If we were to do the same thing today, rent for that same house would be closer to $1500, bills (including power, water, cell phone and internet) would be more like $250 and that same job would still pay around $40,000/yr.  A twenty year old car today needs a mechanic with specialized diagnostic equipment to do the maintenance work and gas is $3.79/gallon.  If you wanted to purchase a home based on the median at the end of 2013, you would take on a 30 year mortgage for $275,500.

My daughter has a good job where she makes $42,000/yr.  She has a car payment on a reliable vehicle, gas to get to and from work, an iPhone, health insurance, and a credit card payment each month.  Pretty small pile of bills but, with what is left over, she could not afford a studio apartment in the town we live in, never mind the utilities.  Buying an average house is even more out of reach with the tight mortgage market and the added expense of property taxes and insurance.

That is the brutal truth- while everything has gotten more expensive, wages have not increased in 20 years.  Once it was a mark of shame for a young adult to be “still” living with their parents but, these days, it is a realistic necessity.  It is reality for not only for the Millennials but for some of their parents as well.  In the 1950’s, a single income was typically enough to manage a household.  The Nineties brought the two-earner household into the mainstream.  Today, we are hard-pressed to make do (without resorting to credit) on two incomes.

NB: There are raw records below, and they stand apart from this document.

(* Fix $\varepsilon\in(0,1)$ and let $\mathbf g=(g_1,g_2)$ be the flux carrier. For any $w\in H^1(\Omega_{a,b})$ with $w=0$ on the upper boundary $S_{2;a,b}=\{x\in\partial\Omega: x_2=f_2(x_1),\ a<x_1<b\}$, $$\int_{\Omega_{a,b}}g_1^2w^2\,dx\le C\Phi^2\varepsilon^2\int_{\Omega_{a,b}}|\partial_{x_2}w|^2\,dx.$$ Moreover, if $\gamma:=\max_{i=1,2}\sup_{x_1\in\mathbb{R}}|f_i''(x_1)f(x_1)|<\infty$, then $$|\mathbf g|\le\frac{C(\varepsilon)\Phi}{f(x_1)},\qquad|\nabla\mathbf g|\le\frac{C(\varepsilon,\gamma)\Phi}{f^2(x_1)},\qquad\int_{\Omega_{a,b}}|\nabla\mathbf g|^2+|\mathbf g|^4\,dx\le C(\varepsilon,\gamma)(\Phi^2+\Phi^4)\int_a^bf^{-3}(x_1)\,dx_1,$$ where $C(\varepsilon)$ depends on $\varepsilon$ and $C(\varepsilon,\gamma)$ on $\varepsilon$ and $\gamma$.
   Context: $\Omega=\{(x_1,x_2):x_1\in\mathbb{R},\ f_1(x_1)<x_2<f_2(x_1)\}$ with $f_1,f_2$ smooth, $f=f_2-f_1$, $\bar f=(f_1+f_2)/2$, $\inf f=d>0$, $\max_i\|f_i'\|_{C(\mathbb{R})}=\beta<\infty$; $\Phi\ge0$; $a<b$, $\Omega_{a,b}=\{x\in\Omega:a<x_1<b\}$. Flux carrier: fix $\mu\in C^\infty(\mathbb{R})$ with $\mu(t)=0$ for $t\ge1$, $\mu(t)=1$ for $t\le0$; set $G(x)=\Phi\,\mu\big(1+\varepsilon\ln\frac{f_2(x_1)-x_2}{x_2-\bar f(x_1)}\big)$ if $x_2>\bar f(x_1)$, $G(x)=0$ if $x_2\le\bar f(x_1)$, and $\mathbf g=(g_1,g_2)=(\partial_{x_2}G,-\partial_{x_1}G)$. The constant $C$ in the first inequality does not depend on $\varepsilon$, $\Phi$, $a$, $b$. *)

theory Defs
  imports "HOL-Analysis.Analysis"
begin

definition smooth_fun :: "(real \<Rightarrow> real) \<Rightarrow> bool" where
  "smooth_fun h \<longleftrightarrow> (\<forall>k x. ((deriv ^^ k) h) differentiable (at x))"

definition Omega :: "(real \<Rightarrow> real) \<Rightarrow> (real \<Rightarrow> real) \<Rightarrow> (real \<times> real) set" where
  "Omega f1 f2 = {x. f1 (fst x) < snd x \<and> snd x < f2 (fst x)}"

definition Omega_ab :: "(real \<Rightarrow> real) \<Rightarrow> (real \<Rightarrow> real) \<Rightarrow> real \<Rightarrow> real \<Rightarrow> (real \<times> real) set" where
  "Omega_ab f1 f2 a b = {x \<in> Omega f1 f2. a < fst x \<and> fst x < b}"

definition S2_ab :: "(real \<Rightarrow> real) \<Rightarrow> real \<Rightarrow> real \<Rightarrow> (real \<times> real) set" where
  "S2_ab f2 a b = {(t, f2 t) | t. a < t \<and> t < b}"

definition C1_with_grad :: "(real \<times> real \<Rightarrow> real) \<Rightarrow> (real \<times> real \<Rightarrow> real) \<Rightarrow> (real \<times> real \<Rightarrow> real) \<Rightarrow> bool" where
  "C1_with_grad \<phi> p1 p2 \<longleftrightarrow> continuous_on UNIV p1 \<and> continuous_on UNIV p2 \<and>
     (\<forall>x. (\<phi> has_derivative (\<lambda>h. p1 x * fst h + p2 x * snd h)) (at x))"

definition sqint :: "(real \<times> real) set \<Rightarrow> (real \<times> real \<Rightarrow> real) \<Rightarrow> ennreal" where
  "sqint U u = (\<integral>\<^sup>+ x. indicator U x * ennreal ((u x)\<^sup>2) \<partial>lebesgue)"

definition H1_weak :: "(real \<times> real) set \<Rightarrow> (real \<times> real \<Rightarrow> real) \<Rightarrow> (real \<times> real \<Rightarrow> real) \<Rightarrow> (real \<times> real \<Rightarrow> real) \<Rightarrow> bool" where
  "H1_weak U w v1 v2 \<longleftrightarrow>
     (\<lambda>x. indicator U x * w x) \<in> borel_measurable lebesgue \<and>
     (\<lambda>x. indicator U x * v1 x) \<in> borel_measurable lebesgue \<and>
     (\<lambda>x. indicator U x * v2 x) \<in> borel_measurable lebesgue \<and>
     sqint U w < \<infinity> \<and> sqint U v1 < \<infinity> \<and> sqint U v2 < \<infinity> \<and>
     (\<forall>\<psi> \<psi>1 \<psi>2. C1_with_grad \<psi> \<psi>1 \<psi>2 \<and> compact (closure {x. \<psi> x \<noteq> 0}) \<and>
          closure {x. \<psi> x \<noteq> 0} \<subseteq> U \<longrightarrow>
        (LINT x:U|lebesgue. w x * \<psi>1 x) = - (LINT x:U|lebesgue. v1 x * \<psi> x) \<and>
        (LINT x:U|lebesgue. w x * \<psi>2 x) = - (LINT x:U|lebesgue. v2 x * \<psi> x))"

(* "w = 0 on S" in the trace sense: w is the H^1(U)-limit of C^1(R^2) functions vanishing on S *)
definition zero_trace_on :: "(real \<times> real) set \<Rightarrow> (real \<times> real) set \<Rightarrow> (real \<times> real \<Rightarrow> real) \<Rightarrow> (real \<times> real \<Rightarrow> real) \<Rightarrow> (real \<times> real \<Rightarrow> real) \<Rightarrow> bool" where
  "zero_trace_on U S w v1 v2 \<longleftrightarrow>
     (\<exists>\<phi> p1 p2. (\<forall>n. C1_with_grad (\<phi> n) (p1 n) (p2 n) \<and> (\<forall>x\<in>S. \<phi> n x = 0)) \<and>
        ((\<lambda>n. sqint U (\<lambda>x. \<phi> n x - w x)) \<longlonglongrightarrow> 0) \<and>
        ((\<lambda>n. sqint U (\<lambda>x. p1 n x - v1 x)) \<longlonglongrightarrow> 0) \<and>
        ((\<lambda>n. sqint U (\<lambda>x. p2 n x - v2 x)) \<longlonglongrightarrow> 0))"

definition fluxG :: "(real \<Rightarrow> real) \<Rightarrow> (real \<Rightarrow> real) \<Rightarrow> (real \<Rightarrow> real) \<Rightarrow> real \<Rightarrow> real \<Rightarrow> real \<times> real \<Rightarrow> real" where
  "fluxG f1 f2 \<mu> \<epsilon> \<Phi> x =
     (let fb = (f1 (fst x) + f2 (fst x)) / 2 in
      if snd x > fb then \<Phi> * \<mu> (1 + \<epsilon> * ln ((f2 (fst x) - snd x) / (snd x - fb))) else 0)"

definition flux_g1 :: "(real \<Rightarrow> real) \<Rightarrow> (real \<Rightarrow> real) \<Rightarrow> (real \<Rightarrow> real) \<Rightarrow> real \<Rightarrow> real \<Rightarrow> real \<times> real \<Rightarrow> real" where
  "flux_g1 f1 f2 \<mu> \<epsilon> \<Phi> x = deriv (\<lambda>t. fluxG f1 f2 \<mu> \<epsilon> \<Phi> (fst x, t)) (snd x)"

definition flux_g2 :: "(real \<Rightarrow> real) \<Rightarrow> (real \<Rightarrow> real) \<Rightarrow> (real \<Rightarrow> real) \<Rightarrow> real \<Rightarrow> real \<Rightarrow> real \<times> real \<Rightarrow> real" where
  "flux_g2 f1 f2 \<mu> \<epsilon> \<Phi> x = - deriv (\<lambda>t. fluxG f1 f2 \<mu> \<epsilon> \<Phi> (t, snd x)) (fst x)"

definition pd1 :: "(real \<times> real \<Rightarrow> real) \<Rightarrow> real \<times> real \<Rightarrow> real" where
  "pd1 u x = deriv (\<lambda>t. u (t, snd x)) (fst x)"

The next 10 years are going to bring some big changes to our society.  The ridiculous political games in Washington, growing social discontent and constant wars will certainly have an impact, but I think it is today’s economic realities that will be the flash point.  We are no longer the nation we once were and are unable to recognize that.  Because of that blindness, we may be unable to do anything to remedy our own decline.  I think we have grown lazy and are more likely to get upset by celebrity tabloid news than the reality that our nation is being controlled by big money and big industry leaving little power or wealth for the vast majority of us.  Why are we not, as a population, outraged that we are still earning the same wages we were twenty years ago?

Despite all this, I do still have faith in the American people’s ability to recognize the problems facing us and take on the challenge to improve our own lives.  I believe we need to see past the immediate differences of opinion that divide us and look toward the nation that we can be once more.  We must adjust our expectations of what we need and how we need to live.  Our future will be one where we build and live in much smaller homes, multi-generational living will be more common and popular, fewer products and less stuff will fill our lives, and simpler lifestyles will ultimately need to develop.  We can no longer afford nor support the current American life.